Action item:
Your response should contain each line of the data that includes "rule".

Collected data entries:
lemma norm2m_sq_le_Max_abs_sq:
  fixes x :: "real^'n"
  assumes m: "m \<ge> 1"
  shows "norm2m_sq m x \<le> real CARD('n) powr (1/m) * (MAX k. \<bar>x$k\<bar>)\<^sup>2"
proof -
  define B where "B = (MAX k. \<bar>x$k\<bar>)"
  have "x$k ^ (2*m) \<le> B ^ (2*m)" for k
    using Max_ge[of "range (\<lambda>k. \<bar>x$k\<bar>)" "\<bar>x$k\<bar>"]
    by (subst power_even_abs[symmetric]) (auto simp: B_def intro!: power_mono)
  then have "sum_pow2m m x \<le> real CARD('n) * B ^ (2*m)"
    using sum_mono[of UNIV "\<lambda>k. x$k ^ (2*m)" "\<lambda>_. B ^ (2*m)"] by (simp add: sum_pow2m_def)
  then have "norm2m_sq m x \<le> (real CARD('n) * B ^ (2*m)) powr (1/m)"
    unfolding norm2m_sq_def by (intro powr_mono2) (simp_all add: sum_pow2m_nonneg)
  then show ?thesis
    using m by (simp add: powr_mult even_power_powr_inverse B_def)
qed

lemma Max_abs_sum_sq_le:
  fixes T :: "'c \<Rightarrow> real^'n"
  assumes C: "finite C"
  shows "(MAX k. \<bar>(\<Sum>c\<in>C. T c)$k\<bar>)\<^sup>2 \<le> card C * (\<Sum>c\<in>C. (MAX k. \<bar>T c $ k\<bar>)\<^sup>2)"
proof -
  define a where "a c = (MAX k. \<bar>T c $ k\<bar>)" for c
  have "\<bar>(\<Sum>c\<in>C. T c)$k\<bar> \<le> (\<Sum>c\<in>C. a c)" for k
  proof -
    have "\<bar>(\<Sum>c\<in>C. T c)$k\<bar> \<le> (\<Sum>c\<in>C. \<bar>T c $ k\<bar>)"
      by (simp add: sum_abs)
    also have "\<dots> \<le> (\<Sum>c\<in>C. a c)"
      by (intro sum_mono) (simp add: a_def)
    finally show ?thesis .
  qed
  then have "(MAX k. \<bar>(\<Sum>c\<in>C. T c)$k\<bar>) \<le> (\<Sum>c\<in>C. a c)"
    by (subst Max_le_iff) auto
  moreover have "0 \<le> (MAX k. \<bar>(\<Sum>c\<in>C. T c)$k\<bar>)"
    by (rule order_trans[OF abs_ge_zero Max_ge]) auto
  ultimately have "(MAX k. \<bar>(\<Sum>c\<in>C. T c)$k\<bar>)\<^sup>2 \<le> (\<Sum>c\<in>C. a c * 1)\<^sup>2"
    by (simp add: power_mono)
  also have "\<dots> \<le> (\<Sum>c\<in>C. (a c)\<^sup>2) * (\<Sum>c\<in>C. 1\<^sup>2)"
    by (rule Cauchy_Schwarz_ineq_sum)
  finally show ?thesis
    by (simp add: a_def mult.commute)
qed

Output for this task:
    by (rule order_trans[OF abs_ge_zero Max_ge]) auto
    by (rule Cauchy_Schwarz_ineq_sum)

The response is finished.